By Atty. Howard Calleja
As we celebrate the Feast of All Saints Day, my family and I also remember all our loved ones that had gone ahead. Recently my parents and close relatives have gone ahead in quick succession. Every year on Oct 31 our little saint in Heaven … Our Family’s Angel … My dear Minty celebrates her anniversary in heaven. When we posted an obituary of her demise, we included lines from Kahlil Gibran’s poem: “Your children are not your children. They are the sons and daughters of life’s longing for itself. They come through you but not from you and though they are with you, yet they belong not to you.” How can these lines alleviate the pain of the parents who lost a beloved daughter? How can these lines soothe the sharp bitter pain felt by those who love Minty? In those moments of grief and loss of a loved one, no word can ever comfort grieving hearts. The heart gets numbed. All the person ever feels is the intense pain.
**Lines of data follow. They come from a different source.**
lemma guess_less_OPT_if_none_eligible:
  assumes inv: "invariant N c" and cur: "cur c = Some j" and none: "Mt m s p \<eta> c j = {}"
  shows "gT c < OPT m s p {0..<N}"
proof -
  define T where "T = gT c"
  have T_pos: "0 < T" and disj: "disjoint_family (jobs_at c)" and large: "large_new_jobs c"
    using inv by (auto simp: invariant_def T_def)
  have j_large: "T * s r < p j" if "r < m" "\<not> saturated s p c r" for r
  proof (rule eta_mult_less_imp_less)
    show "\<eta> * (T * s r) < p j"
      using large_if_ineligible[OF that, of j] none by (simp add: T_def mult.assoc)
    show "0 \<le> T * s r" using T_pos speeds_pos[OF that(1)] by simp
  qed
  define S where "S = {i. i < m \<and> (\<forall>r<m. \<not> saturated s p c r \<longrightarrow> s r < s i)}"
  define X where "X = insert j (\<Union>i\<in>S. newJ c i)"
  have "finite S" by (simp add: S_def)
  have "(\<Sum>i\<in>S. T * s i) \<le> (\<Sum>i\<in>S. \<Sum>k\<in>newJ c i. p k)"
    by (intro sum_mono) (auto simp: S_def T_def speeds_pos saturated_iff[symmetric])
  also have "\<dots> < p j + (\<Sum>i\<in>S. \<Sum>k\<in>newJ c i. p k)"
    using sizes_pos by simp
  also have "\<dots> = (\<Sum>k\<in>X. p k)"
    unfolding X_def using \<open>finite S\<close> invariant_boundedD(2)[OF inv] newJ_disjoint[OF disj]
      cur_notin_newJ[OF disj cur]
    by (simp add: sum.UNION_disjoint)
  finally have capacity: "(\<Sum>i\<in>S. T * s i) < (\<Sum>k\<in>X. p k)" .
  have too_large: "T * s i < p k" if k: "k \<in> X" and i: "i < m" "i \<notin> S" for k i
  proof -
    obtain r where r: "r < m" "\<not> saturated s p c r" "s i \<le> s r"
      using i by (auto simp: S_def not_less)
    have "T * s i \<le> T * s r" using r(3) T_pos by simp
    also have "\<dots> < p k"
      using k j_large[OF r(1,2)] large r(1,2) unfolding X_def large_new_jobs_def T_def
      by (fastforce simp: S_def)
    finally show ?thesis .
  qed
  have "X \<subseteq> {0..<N}" using invariant_boundedD[OF inv] cur by (auto simp: X_def)
  then have "\<exists>i<m. T < load s p {0..<N} \<sigma> i" if "\<sigma> \<in> {0..<N} \<rightarrow>\<^sub>E {..<m}" for \<sigma>
    using exists_overloaded_machine[OF _ _ that _ capacity too_large] by (auto simp: S_def)
  then show ?thesis using machines_nonempty by (simp add: less_OPT_iff T_def)
qed

lemma invariant_init: "invariant 1 (init_cfg s p)"
proof -
  define T where "T = p 0 / s 0"
  have s0: "0 < s 0" using speeds_pos machines_nonempty by blast
  then have T_pos: "0 < T" using sizes_pos by (simp add: T_def)
  have "jobs_at (init_cfg s p) = (\<lambda>_. {})(New 0 := {0})"
    by (auto simp: jobs_at_def init_cfg_def fun_eq_iff split: slot.split)
  then have jobs: "disjoint_family (jobs_at (init_cfg s p))"
      "\<Union>(range (jobs_at (init_cfg s p))) \<subseteq> {0..<1}"
    by (auto simp: disjoint_family_on_def)
  have "T * s i' < p 0" if "s i' < s 0" for i'
    using mult_strict_left_mono[OF that T_pos] s0 by (simp add: T_def)
  then have large: "large_new_jobs (init_cfg s p)"
    by (auto simp: large_new_jobs_def init_cfg_def T_def)
  have "T / \<xi> < load s p {0..<1} \<sigma> (\<sigma> 0)" if "\<sigma> 0 < m" for \<sigma>
  proof -
    have "T / \<xi> < T" using T_pos \<xi>_gt_1 by (simp add: divide_less_eq)
    also have "T \<le> p 0 / s (\<sigma> 0)"
      unfolding T_def using that sizes_pos speeds_pos first_fastest
      by (intro divide_left_mono) (auto intro: less_imp_le)
    also have "{j \<in> {0..<1}. \<sigma> j = \<sigma> 0} = {0::nat}" by auto
    then have "p 0 / s (\<sigma> 0) = load s p {0..<1} \<sigma> (\<sigma> 0)" by (simp add: load_def)
    finally show ?thesis .
  qed
  moreover have "\<sigma> 0 < m" if "\<sigma> \<in> {0..<1} \<rightarrow>\<^sub>E {..<m}" for \<sigma> :: "nat \<Rightarrow> nat"
    using that by (auto simp: PiE_iff)
  ultimately have "T / \<xi> < OPT m s p {0..<1}"
    using machines_nonempty by (auto simp: less_OPT_iff)
  with T_pos jobs large show ?thesis by (simp add: invariant_def init_cfg_def T_def)
qed

lemma invariant_rearrange:
  assumes "invariant N c" "disjoint_family (jobs_at c')"
    and "\<Union>(range (jobs_at c')) \<subseteq> \<Union>(range (jobs_at c))" "gT c' = gT c" "large_new_jobs c'"
  shows "invariant N c'"
  using assms by (auto simp: invariant_def)

lemma invariant_arrive:
  assumes inv: "invariant n c"
  shows "invariant (Suc n) (c\<lparr>queue := {n}\<rparr>)"
proof -
  have bounded: "\<Union>(range (jobs_at c)) \<subseteq> {0..<n}" using inv by (simp add: invariant_def)
  have arrived: "jobs_at (c\<lparr>queue := {n}\<rparr>) = (jobs_at c)(Queued := {n})"
    by (auto simp: jobs_at_def fun_eq_iff split: slot.split)
  have below: "jobs_at c y \<subseteq> {0..<n}" for y using bounded by blast
  then have "{n} \<inter> jobs_at c y = {}" for y by fastforce
  then have "disjoint_family ((jobs_at c)(Queued := {n}))"
    using inv by (intro disjoint_family_fun_upd) (simp_all add: invariant_def)
  moreover have "((jobs_at c)(Queued := {n})) y \<subseteq> {0..<Suc n}" for y
    using below[of y] by auto
  then have "\<Union>(range ((jobs_at c)(Queued := {n}))) \<subseteq> {0..<Suc n}" by blast
  moreover have "gT c / \<xi> < OPT m s p {0..<n}" using inv by (simp add: invariant_def)
  then have "gT c / \<xi> < OPT m s p {0..<Suc n}"
    by (rule less_OPT_mono) (auto intro: less_imp_le speeds_pos sizes_pos machines_nonempty)
  moreover have "large_new_jobs (c\<lparr>queue := {n}\<rparr>) = large_new_jobs c"
    by (simp add: large_new_jobs_def saturated_def)
  ultimately show ?thesis
    using inv unfolding invariant_def arrived by simp
qed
We accept life’s cycle that children bury their parents but not parents burying their children. Parents plan for their children’s lives and when the time comes, children will take their parent’s place. This is the accepted pattern of life. To reverse the pattern is not conforming to life’s natural process. This is what makes the pain intense.
I then realized that I was busy asking questions that I forgot the creator of life’s pattern. I intently prayed the “Lord’s Father” and when I came to the line” thy will be done on earth as it is in heaven”, I felt a lightness in my heart. The acceptance of “God’s will” erases the pain. God seemed to open my mind that all people die. To be alive means that someday life will end. Life can be predicted. A mother giving birth anticipates the coming of the baby on a certain day or week. But death …it comes without notice. Even the best doctor couldn’t say the exact time the last breath is expelled. Death will always be a mystery. The “whys” will remain unanswered. What will keep us going is our faith.
So, to remember our little saint and angel in heaven, I write each year a poem to celebrate her life with us. Here’s a poem my dear Minty as we remember you in this 11th Anniversary you got your heavenly wings:
Minuet a Love I cannot forget,
A short life now in heaven above.
I still remember your smile and cheers;
You’re my daughter I will always Love.
You brought life to our family;
A bond that showed what Love means.
For five years I held you in my arms;
But now I hold you tightly in my dreams.
11 years have passed away,
We missed many milestones in life.
At every age and stage I wonder;
What would life in heaven be like?
No words or time can take out my tears,
Years have gone but your love I never miss.
I dream of dancing with you again;
To hug you tight and give you a kiss.
Memory never ends when life ceases to be. Minty, you will continue to grow in our hearts. Minty, I know you are now happy with our heavenly Father. “The prayer of the heart is the source of all good, refreshing the heart as if it were a garden” (St. Gregory of Sinai, 1360). Please continue to watch over us our dear Minty. Papa loves you.